**Task statement:**
Report the lines of the data below that contain the string "assoc".

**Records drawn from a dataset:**
(* Let $R$ be a noncommutative division algebra over a field $F$. Then for every positive integer $n$ there exist elements $\alpha,\beta\in R$ such that $(\alpha\beta)^n\neq(\beta\alpha)^n$. *)

theory Defs
  imports Main
begin

definition algebra_over :: "('f::field \<Rightarrow> 'a::ring_1 \<Rightarrow> 'a) \<Rightarrow> bool" where
  "algebra_over smul \<longleftrightarrow>
     (\<forall>c x y. smul c (x + y) = smul c x + smul c y) \<and>
     (\<forall>c d x. smul (c + d) x = smul c x + smul d x) \<and>
     (\<forall>c d x. smul (c * d) x = smul c (smul d x)) \<and>
     (\<forall>x. smul 1 x = x) \<and>
     (\<forall>c x y. smul c x * y = smul c (x * y)) \<and>
     (\<forall>c x y. x * smul c y = smul c (x * y))"

end

theory Submission
  imports Defs "HOL-Computational_Algebra.Fundamental_Theorem_Algebra" "HOL-Computational_Algebra.Primes"
    "HOL-Algebra.FiniteProduct"
begin

text \<open>
  If \<open>(\<alpha>\<beta>)\<^sup>n = (\<beta>\<alpha>)\<^sup>n\<close> for all \<open>\<alpha>, \<beta>\<close>, then \<open>\<alpha> = x y\<^sup>-\<^sup>1, \<beta> = y\<close> gives
  \<open>x\<^sup>n = y x\<^sup>n y\<^sup>-\<^sup>1\<close>: all \<open>n\<close>-th powers are central, and it suffices to show that a division ring
  with central \<open>n\<close>-th powers is commutative.

  If the centre \<open>Z\<close> is infinite, write \<open>n = q m\<close> with \<open>q\<close> a power of the characteristic and
  \<open>m\<close> invertible. The commutator of \<open>(x + c)\<^sup>n = (x\<^sup>q + c\<^sup>q)\<^sup>m\<close> with \<open>y\<close> is a polynomial in
  \<open>c\<^sup>q\<close> vanishing on the infinite set \<open>{c\<^sup>q. c \<in> Z}\<close>, so its coefficient \<open>m [x\<^sup>q, y]\<close> is zero
  and \<open>x\<^sup>q\<close> is central. For \<open>q > 1\<close> this makes every derivation \<open>ad a\<close> nilpotent, since
  \<open>(ad a)\<^sup>q = ad (a\<^sup>q)\<close>, which is impossible for noncentral \<open>a\<close>.

  If \<open>Z\<close> is finite, all nonzero elements are roots of unity of one fixed order. For
  noncommuting \<open>a, b\<close> the field \<open>K = Z[a]\<close> is finite and \<open>(ad a)\<^bsup>|K|\<^esup> = ad a\<close>, so \<open>ad a\<close> has an
  eigenvector \<open>e\<close> with nonzero eigenvalue in \<open>K\<close>. Conjugation by \<open>e\<close> preserves \<open>K\<close>, hence \<open>K[e]\<close> is
  a finite noncommutative division ring, contradicting Wedderburn's little theorem.
\<close>

section \<open>Division subrings and their left modules\<close>

lemma nonzero_inverse_mult_cancel_left [simp]: "h \<noteq> 0 \<Longrightarrow> inverse h * (h * z) = (z::'a::division_ring)"
  by (simp add: mult.assoc[symmetric])

lemma nonzero_mult_inverse_cancel_left [simp]: "h \<noteq> 0 \<Longrightarrow> h * (inverse h * z) = (z::'a::division_ring)"
  by (simp add: mult.assoc[symmetric])

locale division_subring =
  fixes S :: "'a::division_ring set"
  assumes zero_closed [simp]: "0 \<in> S" and one_closed [simp]: "1 \<in> S"
    and add_closed: "x \<in> S \<Longrightarrow> y \<in> S \<Longrightarrow> x + y \<in> S"
    and mult_closed: "x \<in> S \<Longrightarrow> y \<in> S \<Longrightarrow> x * y \<in> S"
    and uminus_closed: "x \<in> S \<Longrightarrow> - x \<in> S"
    and inverse_closed: "x \<in> S \<Longrightarrow> inverse x \<in> S"
begin

lemma diff_closed: "x \<in> S \<Longrightarrow> y \<in> S \<Longrightarrow> x - y \<in> S"
  using add_closed[OF _ uminus_closed, of x y] by simp

lemma power_closed: "x \<in> S \<Longrightarrow> x ^ k \<in> S"
  by (induction k) (simp_all add: mult_closed)

lemma card_ge_2: "finite S \<Longrightarrow> 2 \<le> card S"
  using card_mono[of S "{0, 1}"] by simp

lemma power_card_minus_1_eq_1:
  assumes fin: "finite S" and comm: "\<And>x y. x \<in> S \<Longrightarrow> y \<in> S \<Longrightarrow> x * y = y * x"
    and x: "x \<in> S" "x \<noteq> 0"
  shows "x ^ (card S - 1) = 1"
proof -
  define G where "G = \<lparr>carrier = S - {0}, monoid.mult = (*), one = (1::'a)\<rparr>"
  have G: "comm_group G"
  proof (rule comm_groupI)
    fix y z assume "y \<in> carrier G" "z \<in> carrier G"
    then show "y \<otimes>\<^bsub>G\<^esub> z \<in> carrier G" "y \<otimes>\<^bsub>G\<^esub> z = z \<otimes>\<^bsub>G\<^esub> y"
      by (simp_all add: G_def mult_closed comm)
  next
    fix y assume "y \<in> carrier G"
    then show "\<exists>z\<in>carrier G. z \<otimes>\<^bsub>G\<^esub> y = \<one>\<^bsub>G\<^esub>"
      by (intro bexI[of _ "inverse y"]) (simp_all add: G_def inverse_closed)
  qed (simp_all add: G_def mult.assoc)
  have pow: "y [^]\<^bsub>G\<^esub> (k::nat) = y ^ k" for y k
    by (induction k) (simp_all add: G_def power_commutes)
  have "x [^]\<^bsub>G\<^esub> card (carrier G) = \<one>\<^bsub>G\<^esub>"
    by (rule comm_group.power_order_eq_one[OF G]) (use fin x in \<open>simp_all add: G_def\<close>)
  then show ?thesis using fin unfolding pow by (simp add: G_def card_Diff_singleton)
qed

lemma power_card_eq_self:
  assumes fin: "finite S" and comm: "\<And>x y. x \<in> S \<Longrightarrow> y \<in> S \<Longrightarrow> x * y = y * x"
    and x: "x \<in> S"
  shows "x ^ card S = x"
proof (cases "x = 0")
  case False
  have "card S = Suc (card S - 1)" using card_ge_2[OF fin] by simp
  then have "x ^ card S = x * x ^ (card S - 1)" by (metis power_Suc)
  then show ?thesis using power_card_minus_1_eq_1[OF fin comm x False] by simp
qed (use card_ge_2[OF fin] in simp)

end

locale left_module =
  fixes K M :: "'a::division_ring set"
  assumes zero_closed [simp]: "0 \<in> M"
    and add_closed: "x \<in> M \<Longrightarrow> y \<in> M \<Longrightarrow> x + y \<in> M"
    and smult_closed: "k \<in> K \<Longrightarrow> x \<in> M \<Longrightarrow> k * x \<in> M"

lemma (in division_subring) left_module_superring:
  assumes "division_subring T" "S \<subseteq> T"
  shows "left_module S T"
proof -
  interpret T: division_subring T by fact
  show ?thesis
  proof unfold_locales
    fix k x assume "k \<in> S" "x \<in> T"
    then show "k * x \<in> T" using assms(2) by (blast intro: T.mult_closed)
  qed (simp_all add: T.add_closed)
qed

lemma inj_on_left_module_extend:
  assumes K: "division_subring K" and M: "left_module K M" and v: "v \<notin> M"
  shows "inj_on (\<lambda>(k, m). k * v + m) (K \<times> M)"
proof (rule inj_onI, clarify, rule ccontr)
  interpret K: division_subring K by (fact K)
  interpret M: left_module K M by (fact M)
  fix k m k' m' assume km: "k \<in> K" "m \<in> M" "k' \<in> K" "m' \<in> M" "k * v + m = k' * v + m'"
    and "\<not> (k = k' \<and> m = m')"
  then have "k \<noteq> k'" by auto
  have "v = inverse (k - k') * ((k - k') * v)"
    using \<open>k \<noteq> k'\<close> by (simp add: mult.assoc[symmetric])
  moreover have "(k - k') * v = m' + (- 1) * m" using km(5) by (simp add: algebra_simps)
  moreover have "inverse (k - k') * (m' + (- 1) * m) \<in> M"
    using km by (intro M.smult_closed M.add_closed K.inverse_closed K.diff_closed K.uminus_closed) auto
  ultimately show False using v by metis
qed

lemma left_module_extend:
  assumes K: "division_subring K" and M: "left_module K M" and v: "v \<notin> M"
  defines "M' \<equiv> (\<lambda>(k, m). k * v + m) ` (K \<times> M)"
  shows "left_module K M'" "M \<subseteq> M'" "card M' = card K * card M"
proof -
  interpret K: division_subring K by (fact K)
  interpret M: left_module K M by (fact M)
  show "left_module K M'"
  proof
    show "0 \<in> M'" unfolding M'_def by (intro image_eqI[of _ _ "(0, 0)"]) auto
  next
    fix x y assume "x \<in> M'" "y \<in> M'"
    then obtain k m k' m' where "k \<in> K" "m \<in> M" "k' \<in> K" "m' \<in> M" "x = k * v + m" "y = k' * v + m'"
      unfolding M'_def by auto
    moreover have "k * v + m + (k' * v + m') = (k + k') * v + (m + m')" by (simp add: algebra_simps)
    ultimately show "x + y \<in> M'" unfolding M'_def
      by (intro image_eqI[of _ _ "(k + k', m + m')"]) (auto intro: K.add_closed M.add_closed)
  next
    fix c x assume "c \<in> K" "x \<in> M'"
    then obtain k m where "k \<in> K" "m \<in> M" "x = k * v + m" unfolding M'_def by auto
    moreover have "c * (k * v + m) = (c * k) * v + c * m" by (simp add: algebra_simps)
    ultimately show "c * x \<in> M'" unfolding M'_def using \<open>c \<in> K\<close>
      by (intro image_eqI[of _ _ "(c * k, c * m)"]) (auto intro: K.mult_closed M.smult_closed)
  qed
  show "M \<subseteq> M'"
  proof
    fix m assume "m \<in> M"
    then show "m \<in> M'" unfolding M'_def by (intro image_eqI[of _ _ "(0, m)"]) auto
  qed
  show "card M' = card K * card M"
    using inj_on_left_module_extend[OF K M v] unfolding M'_def
    by (simp add: card_image card_cartesian_product)
qed

theorem card_left_module_eq_power:
  assumes K: "division_subring K" "finite K" and L: "left_module K L" "finite L"
  shows "\<exists>d. card L = card K ^ d"
proof -
  have grow: "\<exists>d. card L = card K ^ d"
    if "left_module K M" "M \<subseteq> L" "card M = card K ^ d" for M d
    using that
  proof (induction "card L - card M" arbitrary: M d rule: less_induct)
    case (less M)
    show ?case
    proof (cases "M = L")
      case True
      with less.prems show ?thesis by blast
    next
      case False
      then obtain v where v: "v \<in> L" "v \<notin> M" using less.prems(2) by blast
      define M' where "M' = (\<lambda>(k, m). k * v + m) ` (K \<times> M)"
      have finM: "finite M" using less.prems(2) L(2) finite_subset by blast
      have M': "left_module K M'" "M \<subseteq> M'" "card M' = card K * card M"
        using left_module_extend[OF K(1) less.prems(1) v(2)] unfolding M'_def by auto
      have "M' \<subseteq> L"
        using less.prems(2) v(1) left_module.smult_closed[OF L(1)] left_module.add_closed[OF L(1)]
        by (auto simp: M'_def)
      have "card M > 0" using finM left_module.zero_closed[OF less.prems(1)] card_gt_0_iff by blast
      then have "card M < card M'" using M'(3) division_subring.card_ge_2[OF K] by simp
      moreover have "card M' \<le> card L" using \<open>M' \<subseteq> L\<close> L(2) by (rule card_mono[rotated])
      ultimately have "card L - card M' < card L - card M" by simp
      moreover have "card M' = card K ^ Suc d" using M'(3) less.prems(3) by simp
      ultimately show ?thesis using less.hyps M'(1) \<open>M' \<subseteq> L\<close> by blast
    qed
  qed
  have "left_module K {0}" by unfold_locales auto
  moreover have "{0} \<subseteq> L" using left_module.zero_closed[OF L(1)] by simp
  moreover have "card {0::'a} = card K ^ 0" by simp
  ultimately show ?thesis by (rule grow)
qed

section \<open>Cyclotomic polynomials\<close>

definition prim_roots_unity :: "nat \<Rightarrow> complex set" where
  "prim_roots_unity d = {z. z ^ d = 1 \<and> (\<forall>k. 0 < k \<and> k < d \<longrightarrow> z ^ k \<noteq> 1)}"

definition cyclotomic :: "nat \<Rightarrow> complex poly" where
  "cyclotomic d = (\<Prod>z\<in>prim_roots_unity d. [:-z, 1:])"

lemma finite_prim_roots_unity: "0 < d \<Longrightarrow> finite (prim_roots_unity d)"
  by (rule finite_subset[OF _ finite_roots_unity[of d]]) (auto simp: prim_roots_unity_def)

lemma prim_roots_unity_disjoint:
  assumes "d \<noteq> e" "0 < d" "0 < e"
  shows "prim_roots_unity d \<inter> prim_roots_unity e = {}"
  using assms by (cases "d < e") (auto simp: prim_roots_unity_def)

lemma roots_unity_eq_UN_prim_roots_unity:
  assumes m: "0 < m"
  shows "{z. z ^ m = 1} = (\<Union>d\<in>{d. d dvd m}. prim_roots_unity d)"
proof (intro equalityI subsetI)
  fix z :: complex assume "z \<in> {z. z ^ m = 1}"
  then have zm: "z ^ m = 1" by simp
  define d where "d = (LEAST k. 0 < k \<and> z ^ k = 1)"
  have d: "0 < d \<and> z ^ d = 1" unfolding d_def by (rule LeastI[of _ m]) (simp add: m zm)
  have d_least: "d \<le> k" if "0 < k" "z ^ k = 1" for k
    unfolding d_def by (rule Least_le) (use that in simp)
  have "z ^ m = z ^ (d * (m div d) + m mod d)" by simp
  also have "\<dots> = (z ^ d) ^ (m div d) * z ^ (m mod d)" by (simp only: power_add power_mult)
  finally have "z ^ (m mod d) = 1" using zm d by simp
  moreover have "m mod d < d" using d by simp
  ultimately have "m mod d = 0" using d_least by (meson not_le neq0_conv)
  moreover have "z \<in> prim_roots_unity d"
    using d by (auto simp: prim_roots_unity_def dest: d_least)
  ultimately show "z \<in> (\<Union>d\<in>{d. d dvd m}. prim_roots_unity d)" by (auto simp: mod_eq_0_iff_dvd)
next
  fix z assume "z \<in> (\<Union>d\<in>{d. d dvd m}. prim_roots_unity d)"
  then obtain d k where "m = d * k" "z ^ d = 1" by (auto simp: prim_roots_unity_def)
  then show "z \<in> {z. z ^ m = 1}" by (simp add: power_mult)
qed

lemma monom_minus_1_eq_prod_roots_unity:
  assumes m: "0 < m"
  shows "monom 1 m - 1 = (\<Prod>z\<in>{z::complex. z ^ m = 1}. [:-z, 1:])"
proof -
  let ?p = "monom 1 m - 1 :: complex poly"
  have poly_p: "poly ?p z = z ^ m - 1" for z by (simp add: poly_monom)
  have "degree ?p = m"
  proof -
    have "?p = monom 1 m + (- 1)" by simp
    also have "degree \<dots> = m"
      using m by (subst degree_add_eq_left) (simp_all add: degree_monom_eq)
    finally show ?thesis .
  qed
  then have lc: "lead_coeff ?p = 1" using m by simp
  have "rsquarefree ?p"
  proof (subst rsquarefree_roots, intro allI notI)
    fix z assume z: "poly ?p z = 0 \<and> poly (pderiv ?p) z = 0"
    have "pderiv ?p = monom (of_nat m) (m - 1)"
      by (simp add: pderiv_diff pderiv_monom)
    then have "of_nat m * z ^ (m - 1) = 0" using z by (simp add: poly_monom)
    then have "z = 0" using m by simp
    then show False using z m by (simp add: poly_monom power_0_left)
  qed
  then have "smult (lead_coeff ?p) (\<Prod>z|poly ?p z = 0. [:-z, 1:]) = ?p"
    by (rule complex_poly_decompose_rsquarefree)
  then have "(\<Prod>z|z ^ m = 1. [:-z, 1:]) = ?p" unfolding lc poly_p by simp
  then show ?thesis by (rule sym)
qed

**Exercise output:**
  by (simp add: mult.assoc[symmetric])
  by (simp add: mult.assoc[symmetric])
  qed (simp_all add: G_def mult.assoc)
    using \<open>k \<noteq> k'\<close> by (simp add: mult.assoc[symmetric])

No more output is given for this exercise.